Recordings of Morten Lauridsen's compositions are featured regularly on radio broadcasts throughout the United States, and he is a frequent interview guest on radio and television programs, including a KCET Life and Times program, the national broadcast of "A Portrait of Morten Lauridsen" on First Art, and a nationally broadcast Christmas Day feature on NPR's Weekend Edition with Scott Simon. He has been profiled in several extended articles, including in the Los Angeles Times "Calendar", Seattle Times, Choral Journal, Choir and Organ, Chorus America's Voice, Fanfare Magazine, and the Wall Street Journal. He has received over four hundred commission requests, including from Harvard University, the American Choral Director's Association, and the Pacific Chorale, and is a frequent guest lecturer and Artist/Composer-in-Residence.
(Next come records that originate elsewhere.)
lemma coball_halfspace_interiors_meet:
  fixes u :: "real^'n::finite"
  assumes "r > 0" and "u \<noteq> 0"
  shows "dint (CoBall c r) \<inter> dint (Half u a) \<noteq> {}"
proof -
  define K where "K = \<bar>u \<bullet> c\<bar> + \<bar>a\<bar> + r * norm u + 1"
  define x where "x = c - (K / (u \<bullet> u)) *\<^sub>R u"
  have nu: "norm u > 0" using assms by simp
  have "K > 0" unfolding K_def using assms by (smt (verit) abs_ge_zero mult_nonneg_nonneg norm_ge_zero)
  have "u \<bullet> x = u \<bullet> c - K" using nu by (simp add: x_def inner_diff_right)
  then have "u \<bullet> x < a" unfolding K_def using assms by (smt (verit) abs_ge_self mult_nonneg_nonneg norm_ge_zero)
  moreover have "norm (x - c) = K / norm u"
    using nu \<open>K > 0\<close> by (simp add: x_def power2_norm_eq_inner[symmetric] power2_eq_square)
  moreover have "r < K / norm u" using nu by (simp add: K_def field_simps)
  ultimately have "Some x \<in> dint (CoBall c r) \<inter> dint (Half u a)"
    by (simp add: dist_norm norm_minus_commute)
  then show ?thesis by blast
qed

lemma kissing_ball_halfspace:
  fixes u :: "real^'n::finite"
  assumes r: "r > 0" and u: "u \<noteq> 0" and kiss: "kissing (Ball c r) (Half u a)"
  shows "u \<bullet> c - r * norm u = a"
proof -
  have nu: "norm u > 0" using u by simp
  have "dset (Ball c r) \<inter> dset (Half u a) \<noteq> {}" using kiss by (auto simp: kissing_def tangent_def)
  then obtain y where y: "dist c y \<le> r" "u \<bullet> y \<le> a" by auto
  have "- (norm u * norm (y - c)) \<le> u \<bullet> (y - c)" using norm_cauchy_schwarz[of "-u" "y - c"] by simp
  moreover have "norm u * norm (y - c) \<le> norm u * r"
    using y(1) by (intro mult_left_mono) (simp_all add: dist_norm norm_minus_commute)
  ultimately have le: "u \<bullet> c - r * norm u \<le> a" using y(2) by (simp add: inner_diff_right algebra_simps)
  have "\<not> u \<bullet> c - r * norm u < a"
  proof
    assume lt: "u \<bullet> c - r * norm u < a"
    define e where "e = (u \<bullet> c - a) / norm u"
    define s where "s = max 0 ((r + e) / 2)"
    have "e < r" using lt nu by (simp add: e_def field_simps)
    then have "0 \<le> s" "s < r" "e < s" using r by (simp_all add: s_def less_max_iff_disj)
    moreover have "u \<bullet> c - s * norm u < a"
      using \<open>e < s\<close> nu by (simp add: e_def field_simps)
    ultimately have s: "0 \<le> s" "s < r" "u \<bullet> c - s * norm u < a" by auto
    define x where "x = c - (s / norm u) *\<^sub>R u"
    have "dist c x = s" "u \<bullet> x = u \<bullet> c - s * norm u"
      using nu s(1) by (simp_all add: x_def dist_norm inner_diff_right power2_norm_eq_inner[symmetric]
          power2_eq_square)
    then have "Some x \<in> dint (Ball c r) \<inter> dint (Half u a)" using s by simp
    then show False using kiss by (auto simp: kissing_def)
  qed
  with le show ?thesis by simp
qed

lemma disjoint_balls_dist:
  fixes c c' :: "real^'n::finite"
  assumes r: "r > 0" "r' > 0" and disj: "dint (Ball c r) \<inter> dint (Ball c' r') = {}"
  shows "r + r' \<le> dist c c'"
proof (rule ccontr)
  assume "\<not> ?thesis"
  then have lt: "dist c c' < r + r'" by simp
  define x where "x = c + (r / (r + r')) *\<^sub>R (c' - c)"
  have "1 - r / (r + r') = r' / (r + r')" using r by (simp add: field_simps)
  moreover have "c' - x = (1 - r / (r + r')) *\<^sub>R (c' - c)" by (simp add: x_def algebra_simps)
  ultimately have "c' - x = (r' / (r + r')) *\<^sub>R (c' - c)" by simp
  then have "dist c x = r / (r + r') * dist c c'" "dist c' x = r' / (r + r') * dist c c'"
    using r by (simp_all add: x_def dist_norm norm_minus_commute)
  moreover have "r / (r + r') * dist c c' < r / (r + r') * (r + r')"
    "r' / (r + r') * dist c c' < r' / (r + r') * (r + r')"
    using lt r by (intro mult_strict_left_mono; simp)+
  ultimately have "Some x \<in> dint (Ball c r) \<inter> dint (Ball c' r')" using r by simp
  then show False using disj by blast
qed

lemma kissing_balls_dist:
  fixes c c' :: "real^'n::finite"
  assumes "r > 0" "r' > 0" and "kissing (Ball c r) (Ball c' r')"
  shows "dist c c' = r + r'"
proof -
  have "dset (Ball c r) \<inter> dset (Ball c' r') \<noteq> {}" using assms(3) by (auto simp: kissing_def tangent_def)
  then obtain y where "dist c y \<le> r" "dist c' y \<le> r'" by auto
  then have "dist c c' \<le> r + r'" using dist_triangle[of c c' y] by (simp add: dist_commute)
  moreover have "r + r' \<le> dist c c'"
    using assms(3) unfolding kissing_def by (blast intro: disjoint_balls_dist[OF assms(1,2)])
  ultimately show ?thesis by simp
qed

lemma halfspace_rescale:
  assumes "\<mu> > 0"
  shows "dset (Half (\<mu> *\<^sub>R w) b) = dset (Half w (b / \<mu>))"
  using assms by (auto simp: field_simps mult.commute)

lemma tangent_opposite_halfspaces:
  fixes u :: "real^'n::finite"
  assumes "u \<noteq> 0" and "tangent (Half u a1) (Half (-u) a2)"
  shows "a1 + a2 < 0"
proof (rule ccontr)
  assume "\<not> a1 + a2 < 0"
  moreover have "u \<bullet> ((a1 / (u \<bullet> u)) *\<^sub>R u) = a1" using assms(1) by simp
  ultimately have "{None, Some ((a1 / (u \<bullet> u)) *\<^sub>R u)} \<subseteq> dset (Half u a1) \<inter> dset (Half (-u) a2)"
    by simp
  then show False using assms(2) by (auto simp: tangent_def)
qed

lemma kissing_dballs_through_infinity:
  assumes w: "dball_wf b1" "dball_wf (b2 :: 'n::finite dball)" and kiss: "kissing b1 b2"
    and inf: "None \<in> dset b1" "None \<in> dset b2"
  obtains u \<rho> m where "norm u = 1" "\<rho> > 0"
    "dset b1 = dset (Half u (m - \<rho>))" "dset b2 = dset (Half (-u) (- (m + \<rho>)))"
proof -
  obtain u a v b where b1: "b1 = Half u a" "u \<noteq> 0" and b2: "b2 = Half v b" "v \<noteq> 0"
  proof (cases b1; cases b2)
    fix c r c' r' assume "b1 = CoBall c r" "b2 = CoBall c' r'"
    then show thesis using kiss by (auto simp: kissing_def)
  next
    fix c r v b assume "b1 = CoBall c r" "b2 = Half v b"
    then show thesis using kiss w coball_halfspace_interiors_meet[of r v c b] by (auto simp: kissing_def)
  next
    fix u a c r assume "b1 = Half u a" "b2 = CoBall c r"
    then show thesis using kiss w coball_halfspace_interiors_meet[of r u c a]
      by (auto simp: kissing_def Int_commute)
  qed (use inf w that in auto)
  obtain \<mu> where \<mu>: "\<mu> > 0" "v = - \<mu> *\<^sub>R u"
    using disjoint_halfspaces_opposite[OF b1(2) b2(2)] kiss b1 b2 by (auto simp: kissing_def)
  define e where "e = (1 / norm u) *\<^sub>R u"
  define a1 where "a1 = a / norm u"
  define a2 where "a2 = b / (\<mu> * norm u)"
  have "u = norm u *\<^sub>R e" "v = (\<mu> * norm u) *\<^sub>R (- e)" using b1(2) \<mu>(2) by (simp_all add: e_def)
  then have halfs: "dset b1 = dset (Half e a1)" "dset b2 = dset (Half (- e) a2)"
    using b1 b2 \<mu>(1) halfspace_rescale[of "norm u" e a] halfspace_rescale[of "\<mu> * norm u" "- e" b]
    by (simp_all add: a1_def a2_def)
  have ne: "norm e = 1" using b1(2) by (simp add: e_def)
  have "tangent (Half e a1) (Half (-e) a2)"
    using moebius_tangent_iff[OF inj_on_id, of b1 "Half e a1" b2 "Half (-e) a2"] halfs kiss
    by (simp add: kissing_def)
  moreover have "e \<noteq> 0" using ne by auto
  ultimately have "a1 + a2 < 0" using tangent_opposite_halfspaces by blast
  define m \<rho> where "m = (a1 - a2) / 2" and "\<rho> = - (a1 + a2) / 2"
  then have "\<rho> > 0" "m - \<rho> = a1" "- (m + \<rho>) = a2" using \<open>a1 + a2 < 0\<close> by (simp_all add: field_simps)
  then show ?thesis using that[of e \<rho> m] ne halfs by simp
qed

text \<open>An inversion centred at the point of contact sends two kissing balls to the two
  half-spaces complementary to an open slab.\<close>

lemma moebius_kissing_to_halfspaces:
  assumes w1: "dball_wf b1" and w2: "dball_wf (b2 :: 'n::finite dball)" and kiss: "kissing b1 b2"
  obtains f u \<rho> m where "f \<in> moebius" "norm u = 1" "\<rho> > 0"
    "f ` dset b1 = dset (Half u (m - \<rho>))" "f ` dset b2 = dset (Half (-u) (- (m + \<rho>)))"
proof -
  obtain p where p: "dset b1 \<inter> dset b2 = {p}" using kiss by (auto simp: kissing_def tangent_def)
  obtain f :: "(real^'n) option \<Rightarrow> (real^'n) option" where f: "f \<in> moebius" "f p = None"
  proof (cases p)
    case None
    then show ?thesis using that[of id] moebius.moeb_id by simp
  next
    case (Some x)
    then show ?thesis using that[of "sphere_inversion x 1"] sphere_inversion_moebius[of 1 x] by simp
  qed
  obtain b1' b2' where b': "dball_wf b1'" "f ` dset b1 = dset b1'" "dball_wf b2'" "f ` dset b2 = dset b2'"
    using moebius_image_dball[OF f(1) w1] moebius_image_dball[OF f(1) w2] by metis
  have "kissing b1' b2'" using moebius_kissing_iff[OF f(1), of b1 b2 b1' b2'] kiss b' w1 w2 by simp
  moreover have "None \<in> dset b1'" "None \<in> dset b2'"
    using p f(2) b'(2,4) by (metis IntD1 IntD2 image_eqI insertI1)+
  ultimately obtain u \<rho> m where "norm u = 1" "\<rho> > 0"
    "dset b1' = dset (Half u (m - \<rho>))" "dset b2' = dset (Half (-u) (- (m + \<rho>)))"
    using kissing_dballs_through_infinity[OF b'(1,3)] by blast
  with f(1) b'(2,4) show ?thesis using that by simp
qed

lemma ball_between_opposite_halfspaces:
  fixes u :: "real^'n::finite"
  assumes u: "norm u = 1" and w: "dball_wf b"
    and k1: "kissing b (Half u (m - \<rho>))" and k2: "kissing b (Half (-u) (- (m + \<rho>)))"
  obtains c where "b = Ball c \<rho>" "u \<bullet> c = m"
proof (cases b)
  case (Ball c r)
  have "r > 0" "u \<noteq> 0" using w Ball u by auto
  then have "u \<bullet> c - r = m - \<rho>" "- (u \<bullet> c) - r = - (m + \<rho>)"
    using kissing_ball_halfspace[of r u c] kissing_ball_halfspace[of r "-u" c] k1 k2 Ball u by auto
  then show ?thesis using that Ball by simp
next
  case (CoBall c r)
  have "u \<noteq> 0" using u by auto
  then show ?thesis
    using coball_halfspace_interiors_meet[of r u c] w k1 CoBall by (auto simp: kissing_def)
next
  case (Half w' b')
  have "w' \<noteq> 0" "u \<noteq> 0" "-u \<noteq> 0" using w Half u by auto
  then obtain \<mu> \<mu>' where "\<mu> > 0" "u = - \<mu> *\<^sub>R w'" "\<mu>' > 0" "-u = - \<mu>' *\<^sub>R w'"
    using disjoint_halfspaces_opposite[of w' u b'] disjoint_halfspaces_opposite[of w' "-u" b'] k1 k2 Half
    by (metis kissing_def)
  then have "(\<mu> + \<mu>') *\<^sub>R w' = 0" by (simp add: algebra_simps)
  with \<open>w' \<noteq> 0\<close> \<open>\<mu> > 0\<close> \<open>\<mu>' > 0\<close> show ?thesis by simp
qed



lemma moebius_kissing_pair_normal_form:
  assumes w1: "dball_wf b1" and w2: "dball_wf (b2 :: 'n::finite dball)" and kiss: "kissing b1 b2"
  obtains f u \<rho> m cen where "f \<in> moebius" "norm u = 1" "\<rho> > 0"
    "f ` dset b1 = dset (Half u (m - \<rho>))" "f ` dset b2 = dset (Half (-u) (- (m + \<rho>)))"
    "\<And>b. dball_wf b \<Longrightarrow> kissing b b1 \<Longrightarrow> kissing b b2 \<Longrightarrow>
       f ` dset b = dset (Ball (cen b) \<rho>) \<and> u \<bullet> cen b = m"
proof -
  obtain f u \<rho> m where f: "f \<in> moebius" "norm u = 1" "\<rho> > 0"
    "f ` dset b1 = dset (Half u (m - \<rho>))" "f ` dset b2 = dset (Half (-u) (- (m + \<rho>)))"
    using moebius_kissing_to_halfspaces[OF w1 w2 kiss] .
  have centre: "\<exists>c. f ` dset b = dset (Ball c \<rho>) \<and> u \<bullet> c = m"
    if b: "dball_wf b" "kissing b b1" "kissing b b2" for b
  proof -
    obtain b' where b': "dball_wf b'" "f ` dset b = dset b'"
      using moebius_image_dball[OF f(1) b(1)] by metis
    have "u \<noteq> 0" using f(2) by auto
    then have "kissing b' (Half u (m - \<rho>))" "kissing b' (Half (-u) (- (m + \<rho>)))"
      using moebius_kissing_iff[OF f(1)] b' f(4,5) b w1 w2 by simp_all
    then obtain c where "b' = Ball c \<rho>" "u \<bullet> c = m"
      using ball_between_opposite_halfspaces[OF f(2) b'(1)] by metis
    then show ?thesis using b'(2) by blast
  qed
  define cen where "cen b = (SOME c. f ` dset b = dset (Ball c \<rho>) \<and> u \<bullet> c = m)" for b
  show ?thesis
  proof (rule that[OF f])
    fix b assume "dball_wf b" "kissing b b1" "kissing b b2"
    from someI_ex[OF centre[OF this]]
    show "f ` dset b = dset (Ball (cen b) \<rho>) \<and> u \<bullet> cen b = m" unfolding cen_def .
  qed
qed

lemma moebius_equal_balls_dist:
  assumes f: "f \<in> moebius" and w: "dball_wf b" "dball_wf b'" and "\<rho> > 0"
    and img: "f ` dset b = dset (Ball c \<rho>)" "f ` dset b' = dset (Ball c' \<rho>)"
  shows "kissing b b' \<Longrightarrow> dist c c' = 2 * \<rho>"
    and "dint b \<inter> dint b' = {} \<Longrightarrow> 2 * \<rho> \<le> dist c c'"
proof -
  have wf: "\<forall>b\<in>{b, b', Ball c \<rho>, Ball c' \<rho>}. dball_wf b" using w \<open>\<rho> > 0\<close> by simp
  show "kissing b b' \<Longrightarrow> dist c c' = 2 * \<rho>"
    using moebius_kissing_iff[OF f wf img] kissing_balls_dist[OF \<open>\<rho> > 0\<close> \<open>\<rho> > 0\<close>] by simp
  show "dint b \<inter> dint b' = {} \<Longrightarrow> 2 * \<rho> \<le> dist c c'"
    using moebius_disjoint_iff[OF f wf img] disjoint_balls_dist[OF \<open>\<rho> > 0\<close> \<open>\<rho> > 0\<close>] by simp
qed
His principal publishers are Peermusic (New York/Hamburg) and Peer's affiliate, Faber Music (London).

==Teaching life==

| Years | Program | Position |
|---|---|---|
| 1968–69 | Jascha Heifetz Master Classes | Theory Instructor |
| 1966 | USC Music Preparatory Department | Established Theory Program |
| 1970–90 | Thornton School of Music Undergraduate Theory Program | Coordinator |
| 1972–2019 | USC Thornton School of Music | Full-Time Faculty |
|  | Scoring for Motion Pictures and TV Advanced Studies Program, Thornton School of Music, USC | Founder |
| 1990–2002 | Composition department at the Thornton School of Music | Chair |
| Current | Thornton School of Music | Distinguished Professor of Composition |

In addition to these positions, Lauridsen has served as artistic advisor on the boards of the Los Angeles Master Chorale, Dale Warland Singers, I Cantori (New York), USC Scoring for Films/TV Program, National Children's Chorus, Creative Kids Education Foundation, Volti (San Francisco Chamber Singers), New York City Master Chorale, Jacaranda, and Angeles Chorale.

==Publications==
"It's a Still Life That Runs Deep: The Influence of Zurbaran's Still Life With Lemons, Oranges and a Rose on Morten Lauridsen's Composition 'O Magnum Mysterium'", Wall Street Journal, February 21, 2009

Foreword to Evoking Sound by James Jordan, GIA Publications, 2009

"Morten Lauridsen on Composing Choral Music," a chapter in Contemporary Choral Music Composers, GIA Publications, 2007

Liner notes for Randall Thompson—The Peaceable Kingdom, Schola Cantorum of Oxford, Hyperion Records

"Remembering Halsey Stevens," National Association of Composer Journal, 1990

==Documentary==

The 2012 documentary film Shining Night: A Portrait of Composer Morten Lauridsen portrays the composer at his Waldron Island retreat and in rehearsals in California and Scotland. Commentaries about the composer by poet Dana Gioia, conductor Paul Salamunovich, composer/conductor Paul Mealor, composer Alex Shapiro, and conductor Robert Geary, along with performances by the San Francisco Choral Society, University of Aberdeen Choral Society and Orchestra, Con Anima Chamber Choir, and Volti, are featured. Works include O Magnum Mysterium, Lux Aeterna, Madrigali, Dirait-on, and Nocturnes, with soundtracks by Polyphony and the Britten Sinfonia (conducted by Stephen Layton), The Singers: Minnesota Choral Artists (conducted by Matthew Culloton), and the Dale Warland Singers (conducted by Dale Warland).